++++ Material for the task

(* Define $k:[0,1]\times[0,1]\to\mathbb{R}$ by $k(a,b)=a\ln\frac{a+b}{a}+b\ln\frac{a+b}{b}$ (equivalently $k(a,b)=\eta(a)+\eta(b)-\eta(a+b)$ with $\eta(u)=-u\ln u$, $\eta(0)=0$). Then $k$ is a positive definite kernel on $[0,1]$. Moreover, for all $x,y\in(0,1]$, $$k(x,y)=\int_{\mathbb R}\Phi_w(x)^*\,\Phi_w(y)\,dw,\qquad \Phi_w(x)=e^{-iw\ln x}\sqrt{x\,\rho(w)},\quad \rho(w)=\frac{2\,\mathrm{sech}(\pi w)}{1+4w^2},$$ where ${}^*$ denotes complex conjugation.
   Context: A symmetric map $k:\mathcal X\times\mathcal X\to\mathbb R$ is a positive definite kernel if $\sum_{i,j=1}^n a_ia_jk(x_i,x_j)\ge0$ for all $n$, all $a_1,\dots,a_n\in\mathbb R$ and all $x_1,\dots,x_n\in\mathcal X$. Convention: $0\ln 0=0$. *)

theory Defs
  imports "HOL-Analysis.Analysis"
begin

definition eta :: "real \<Rightarrow> real" where
  "eta u = (if u = 0 then 0 else - u * ln u)"

definition kent :: "real \<Rightarrow> real \<Rightarrow> real" where
  "kent a b = eta a + eta b - eta (a + b)"

definition pos_def_kernel :: "'a set \<Rightarrow> ('a \<Rightarrow> 'a \<Rightarrow> real) \<Rightarrow> bool" where
  "pos_def_kernel X k \<longleftrightarrow>
     (\<forall>x\<in>X. \<forall>y\<in>X. k x y = k y x) \<and>
     (\<forall>n::nat. \<forall>a::nat \<Rightarrow> real. \<forall>x::nat \<Rightarrow> 'a. (\<forall>i\<in>{1..n}. x i \<in> X) \<longrightarrow>
        (\<Sum>i=1..n. \<Sum>j=1..n. a i * a j * k (x i) (x j)) \<ge> 0)"

definition rho :: "real \<Rightarrow> real" where
  "rho w = 2 * (1 / cosh (pi * w)) / (1 + 4 * w\<^sup>2)"

definition Phi :: "real \<Rightarrow> real \<Rightarrow> complex" where
  "Phi w x = exp (- \<i> * complex_of_real (w * ln x)) * complex_of_real (sqrt (x * rho w))"

end

theory Submission
  imports Defs "HOL-Complex_Analysis.Complex_Analysis" "HOL-Probability.Sinc_Integral"
    "HOL-Real_Asymp.Real_Asymp"
begin

text \<open>
  For \<open>x, y > 0\<close> one has \<open>kent x y = sqrt (x * y) * rho_hat (ln x - ln y)\<close>, where
  \<open>rho_hat t = exp (t/2) ln (1 + exp (-t)) + exp (-t/2) ln (1 + exp t)\<close>; so the integral
  representation says that \<open>rho_hat\<close> is the Fourier transform of \<open>rho\<close>.
  Since \<open>rho w = 2 sech (pi w) \<integral>\<^sub>0\<^sup>\<infinity> exp (-r) cos (2 w r) dr\<close>, Fubini reduces this to the
  classical transform \<open>\<integral> cos (w u) sech (pi w) dw = sech (u/2)\<close> and the elementary integral
  \<open>\<integral>\<^sub>0\<^sup>\<infinity> exp (-r) sech (a + r) dr = exp a ln (1 + exp (-2a))\<close>.
  The transform of sech is obtained by integrating \<open>exp (i z u) sech (pi z)\<close> around the
  rectangle \<open>[-R, R] \<times> [0, 1]\<close>: the only pole inside is \<open>i/2\<close>, the top side is
  \<open>-exp (-u)\<close> times the bottom side, and the vertical sides vanish as \<open>R \<rightarrow> \<infinity>\<close>.
  Positive definiteness follows since \<open>Phi w 0 = 0\<close> and the quadratic form of \<open>kent\<close> is the
  integral of \<open>|\<Sum>\<^sub>i a\<^sub>i Phi w (x\<^sub>i)|\<^sup>2\<close>.
\<close>

section \<open>The Fourier transform of the hyperbolic secant\<close>

lemma cosh_Complex: "cosh (Complex x y) = Complex (cosh x * cos y) (sinh x * sin y)"
  by (simp add: cosh_def sinh_def complex_eq_iff exp_eq_polar Re_exp Im_exp field_simps)

lemma sinh_Complex: "sinh (Complex x y) = Complex (sinh x * cos y) (cosh x * sin y)"
  by (simp add: cosh_def sinh_def complex_eq_iff exp_eq_polar Re_exp Im_exp field_simps)

lemma cosh_plus_i_pi: "cosh (z + \<i> * pi) = - cosh (z :: complex)"
proof -
  have "\<i> * (z + \<i> * pi) = \<i> * z - pi" by (simp add: algebra_simps)
  then show ?thesis by (simp add: cosh_conv_cos cos_diff)
qed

++++++++

Exercise aim
What you retype should run from the first line of the entries above through the line containing "then 0 else", exactly and in full.

Answer for the task
(* Define $k:[0,1]\times[0,1]\to\mathbb{R}$ by $k(a,b)=a\ln\frac{a+b}{a}+b\ln\frac{a+b}{b}$ (equivalently $k(a,b)=\eta(a)+\eta(b)-\eta(a+b)$ with $\eta(u)=-u\ln u$, $\eta(0)=0$). Then $k$ is a positive definite kernel on $[0,1]$. Moreover, for all $x,y\in(0,1]$, $$k(x,y)=\int_{\mathbb R}\Phi_w(x)^*\,\Phi_w(y)\,dw,\qquad \Phi_w(x)=e^{-iw\ln x}\sqrt{x\,\rho(w)},\quad \rho(w)=\frac{2\,\mathrm{sech}(\pi w)}{1+4w^2},$$ where ${}^*$ denotes complex conjugation.
   Context: A symmetric map $k:\mathcal X\times\mathcal X\to\mathbb R$ is a positive definite kernel if $\sum_{i,j=1}^n a_ia_jk(x_i,x_j)\ge0$ for all $n$, all $a_1,\dots,a_n\in\mathbb R$ and all $x_1,\dots,x_n\in\mathcal X$. Convention: $0\ln 0=0$. *)

theory Defs
  imports "HOL-Analysis.Analysis"
begin

definition eta :: "real \<Rightarrow> real" where
  "eta u = (if u = 0 then 0 else - u * ln u)"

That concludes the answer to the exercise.